Несовместимые изменения в сигнатуре метода. В Python это происходит не так часто, как в Java и C ++.

Python имеет необязательные аргументы, значения по умолчанию и гораздо большую гибкость в определении сигнатур методов.Кроме того, утиный ввод означает, что, например, вам не нужно переключаться с какого-то класса на интерфейс в рамках значительного изменения программного обеспечения.Все просто не так сложно.

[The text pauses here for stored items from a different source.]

(* Let $A=(A_1,A_2)\in V_2$ satisfy $\sigma_{12}(A)\neq 0$. Then $A$ is similar to a pair $B=(B_1,B_2)$ with $B_1^T=B_1$ and $B_2^T=B_2$.
   Context: $V_2=(M_{2\times2}(\mathbb{C}))^{\times 2}$ with $GL(2,\mathbb{C})$ acting by simultaneous conjugation; similar means same orbit. With $t_j=\mathsf{tr}(A_j)$, $t_{jk}=\mathsf{tr}(A_jA_k)$, $\tau_{jk}=t_{jk}-\tfrac12t_jt_k$ and $\sigma_{12}=\tau_{12}^2-\tau_{11}\tau_{22}$. $T$ denotes transposition. *)

theory Defs
  imports "HOL-Analysis.Analysis"
begin

type_synonym mat2 = "complex^2^2"

definition tau2 :: "mat2 \<Rightarrow> mat2 \<Rightarrow> complex" where
  "tau2 X Y = trace (X ** Y) - trace X * trace Y / 2"

definition sigma12 :: "mat2 \<Rightarrow> mat2 \<Rightarrow> complex" where
  "sigma12 A1 A2 = (tau2 A1 A2)^2 - tau2 A1 A1 * tau2 A2 A2"

definition similar_pair :: "mat2 \<times> mat2 \<Rightarrow> mat2 \<times> mat2 \<Rightarrow> bool" where
  "similar_pair A B \<longleftrightarrow> (\<exists>P::mat2. invertible P \<and>
      fst B = P ** fst A ** matrix_inv P \<and> snd B = P ** snd A ** matrix_inv P)"

end

theory Submission
  imports Defs
begin

text \<open>The commutator Z = A1 A2 - A2 A1 is traceless with det Z = -sigma12, so it is
  invertible and hence similar to a multiple mu J of J = [[0,1],[-1,0]]. A 2x2 matrix N is
  symmetric iff tr (N J) = 0, and tr (A_i Z) = 0 for both i. Conjugating the pair by the
  matrix that takes Z to mu J preserves these traces, so both conjugates are symmetric.\<close>

lemma matrix_inv_inverse:
  fixes A :: "'a::semiring_1^'n^'n"
  assumes "invertible A"
  shows "A ** matrix_inv A = mat 1" and "matrix_inv A ** A = mat 1"
  using someI_ex[OF assms[unfolded invertible_def]] by (simp_all add: matrix_inv_def)

lemma matrix_conj_mult:
  fixes P A B :: "'a::semiring_1^'n^'n"
  assumes "invertible P"
  shows "(P ** A ** matrix_inv P) ** (P ** B ** matrix_inv P) = P ** (A ** B) ** matrix_inv P"
proof -
  have "(P ** A ** matrix_inv P) ** (P ** B ** matrix_inv P)
      = P ** A ** (matrix_inv P ** P) ** B ** matrix_inv P"
    by (simp only: matrix_mul_assoc)
  also have "\<dots> = P ** (A ** B) ** matrix_inv P"
    by (simp only: matrix_inv_inverse[OF assms] matrix_mul_rid matrix_mul_assoc)
  finally show ?thesis .
qed

lemma trace_matrix_conj:
  fixes P A :: "'a::comm_semiring_1^'n^'n"
  assumes "invertible P"
  shows "trace (P ** A ** matrix_inv P) = trace A"
proof -
  have "trace (P ** A ** matrix_inv P) = trace (matrix_inv P ** (P ** A))"
    by (rule trace_mul_sym)
  also have "\<dots> = trace A"
    by (simp only: matrix_mul_assoc matrix_inv_inverse[OF assms] matrix_mul_lid)
  finally show ?thesis .
qed

lemma trace_commutator:
  fixes A B :: "'a::comm_ring_1^'n^'n"
  shows "trace (A ** B - B ** A) = 0"
  by (simp add: trace_sub trace_mul_sym[of A B])

lemma matrix_diff_ldistrib:
  fixes A :: "'a::ring_1^'n^'m" and B C :: "'a^'p^'n"
  shows "A ** (B - C) = A ** B - A ** C"
  by (metis add_diff_cancel diff_add_cancel matrix_add_ldistrib)

lemma trace_mult_commutator:
  fixes A B :: "'a::comm_ring_1^'n^'n"
  shows "trace (A ** (A ** B - B ** A)) = 0" and "trace (B ** (A ** B - B ** A)) = 0"
  by (simp_all add: matrix_diff_ldistrib matrix_mul_assoc trace_sub
      trace_mul_sym[of "A ** B" A] trace_mul_sym[of "B ** A" B])

lemma mat2_eq_iff:
  "(A::mat2) = B \<longleftrightarrow> A$1$1 = B$1$1 \<and> A$1$2 = B$1$2 \<and> A$2$1 = B$2$1 \<and> A$2$2 = B$2$2"
  by (auto simp: vec_eq_iff forall_2)

lemma mat2_mult_nth: "((A::mat2) ** B) $ i $ j = A$i$1 * B$1$j + A$i$2 * B$2$j"
  by (simp add: matrix_matrix_mult_def sum_2)

lemma trace_mat2: "trace (A::mat2) = A$1$1 + A$2$2"
  by (simp add: trace_def sum_2)

definition skew2 :: "complex \<Rightarrow> mat2" where
  "skew2 \<mu> = vector [vector [0, \<mu>], vector [-\<mu>, 0]]"

lemma symmetric_iff_trace_mult_skew2:
  assumes "\<mu> \<noteq> 0"
  shows "transpose (N::mat2) = N \<longleftrightarrow> trace (N ** skew2 \<mu>) = 0"
  using assms by (auto simp: skew2_def mat2_eq_iff transpose_def trace_mat2 mat2_mult_nth)

lemma det_commutator_mat2: "det (A ** B - B ** A) = - sigma12 A B"
  by (simp add: det_2 trace_mat2 mat2_mult_nth sigma12_def tau2_def power2_eq_square field_simps)

lemma traceless_mat2_similar_skew2:
  fixes Z :: mat2
  assumes "trace Z = 0" and "det Z \<noteq> 0"
  obtains P \<mu> where "\<mu> \<noteq> 0" and "invertible P" and "P ** Z ** matrix_inv P = skew2 \<mu>"
proof -
  define a b c where "a = Z$1$1" and "b = Z$1$2" and "c = Z$2$1"
  have Z22: "Z$2$2 = - a"
    using assms(1) by (simp add: trace_mat2 a_def eq_neg_iff_add_eq_0 add.commute)
  define \<mu> where "\<mu> = csqrt (det Z)"
  have \<mu>_sq: "\<mu>^2 = -(a^2) - b * c"
    using Z22 by (simp add: \<mu>_def det_2 a_def b_def c_def) (simp add: power2_eq_square)
  have "\<mu> \<noteq> 0"
    using assms(2) by (simp add: \<mu>_def)
  obtain p q where pq: "b*p^2 - 2*a*p*q - c*q^2 \<noteq> 0"
  proof (cases "b = 0 \<and> c = 0")
    case True
    then have "a \<noteq> 0"
      using assms(2) Z22 by (simp add: det_2 a_def b_def c_def)
    with True that[of 1 1] show ?thesis by simp
  next
    case False
    with that[of 1 0] that[of 0 1] show ?thesis by auto
  qed
  \<comment> \<open>Rows mu v and v Z for v = (p, q): since Z^2 = -mu^2 I this intertwines Z with skew2 mu,
    and it is invertible because pq says exactly that v is not a left eigenvector of Z.\<close>
  define P :: mat2 where "P = vector [vector [\<mu>*p, \<mu>*q], vector [p*a + q*c, p*b - q*a]]"
  have "det P = \<mu> * (b*p^2 - 2*a*p*q - c*q^2)"
    by (simp add: P_def det_2 algebra_simps power2_eq_square)
  with \<open>\<mu> \<noteq> 0\<close> pq have "invertible P"
    by (simp add: invertible_det_nz)
  have "P ** Z = skew2 \<mu> ** P"
    unfolding mat2_eq_iff mat2_mult_nth
    by (simp add: P_def skew2_def Z22 a_def [symmetric] b_def [symmetric] c_def [symmetric]
        algebra_simps) (use \<mu>_sq in algebra)
  then have "P ** Z ** matrix_inv P = skew2 \<mu>"
    by (simp add: matrix_mul_assoc [symmetric] matrix_inv_inverse[OF \<open>invertible P\<close>])
  with \<open>\<mu> \<noteq> 0\<close> \<open>invertible P\<close> that show ?thesis by blast
qed

theorem proposition2p12:
  fixes A1 A2 :: mat2
  assumes "sigma12 A1 A2 \<noteq> 0"
  shows "\<exists>B1 B2 :: mat2. similar_pair (A1, A2) (B1, B2) \<and>
           transpose B1 = B1 \<and> transpose B2 = B2"
proof -
  define Z where "Z = A1 ** A2 - A2 ** A1"
  have "trace Z = 0" and "det Z \<noteq> 0"
    using assms by (simp_all add: Z_def trace_commutator det_commutator_mat2)
  then obtain P \<mu> where "\<mu> \<noteq> 0" and P: "invertible P"
    and Z_conj: "P ** Z ** matrix_inv P = skew2 \<mu>"
    by (rule traceless_mat2_similar_skew2)
  have conj_symmetric: "transpose (P ** A ** matrix_inv P) = P ** A ** matrix_inv P"
    if "trace (A ** Z) = 0" for A
  proof -
    have "trace ((P ** A ** matrix_inv P) ** skew2 \<mu>) = trace (A ** Z)"
      by (simp only: Z_conj [symmetric] matrix_conj_mult[OF P] trace_matrix_conj[OF P])
    with that show ?thesis
      by (simp add: symmetric_iff_trace_mult_skew2[OF \<open>\<mu> \<noteq> 0\<close>])
  qed
  have "similar_pair (A1, A2) (P ** A1 ** matrix_inv P, P ** A2 ** matrix_inv P)"
    using P by (auto simp: similar_pair_def)
  with conj_symmetric show ?thesis
    using trace_mult_commutator [where A = A1 and B = A2] unfolding Z_def by blast
qed

end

Как вы находите все места, где вызывается этот метод? grep работает для динамических языков.Если вам нужно знать каждое место, где используется метод, grep (или эквивалентный поиск, поддерживаемый IDE) отлично работает.

Как вы узнаете, какие операции предоставляет экземпляр, поскольку у вас нет статического типа для поиска?

a.Посмотрите на источник.У вас нет проблемы Java / C ++ с библиотеками объектов и файлами jar, с которой нужно бороться.Вам не нужны все сложные вспомогательные средства, которые требуются для этих языков.

b.IDE может предоставлять информацию о подписи при многих распространенных обстоятельствах.Вы можете легко победить логические способности вашей IDE.Когда это произойдет, вам, вероятно, следует пересмотреть то, что вы делаете, чтобы убедиться, что это имеет смысл.Если ваша IDE не может аргументировать информацию о вашем типе, возможно, она слишком динамична.

c.В Python вы часто работаете через интерактивный интерпретатор.В отличие от Java и C ++, вы можете исследовать свои экземпляры напрямую и в интерактивном режиме.Вам не нужна сложная среда разработки.

Пример:

  >>> x= SomeClass()
  >>> dir(x)

Как вы обрабатываете / предотвращаете опечатки? То же, что и статические языки:вы не препятствуете им.Вы находите и исправляете их.Java может найти только определенный класс опечаток.Если у вас есть два похожих имени класса или переменной, у вас могут возникнуть серьезные проблемы, даже при статической проверке типов.

Пример:

class MyClass { }
class MyClassx extends MyClass { }

Опечатка с этими двумя именами классов может привести к хаосу.["Но я бы не поставил себя в такое положение с Java", - говорят люди.Согласен.Я бы тоже не поставил себя в такое положение с Python;вы создаете классы, которые сильно отличаются друг от друга и рано провалятся, если ими злоупотреблять.]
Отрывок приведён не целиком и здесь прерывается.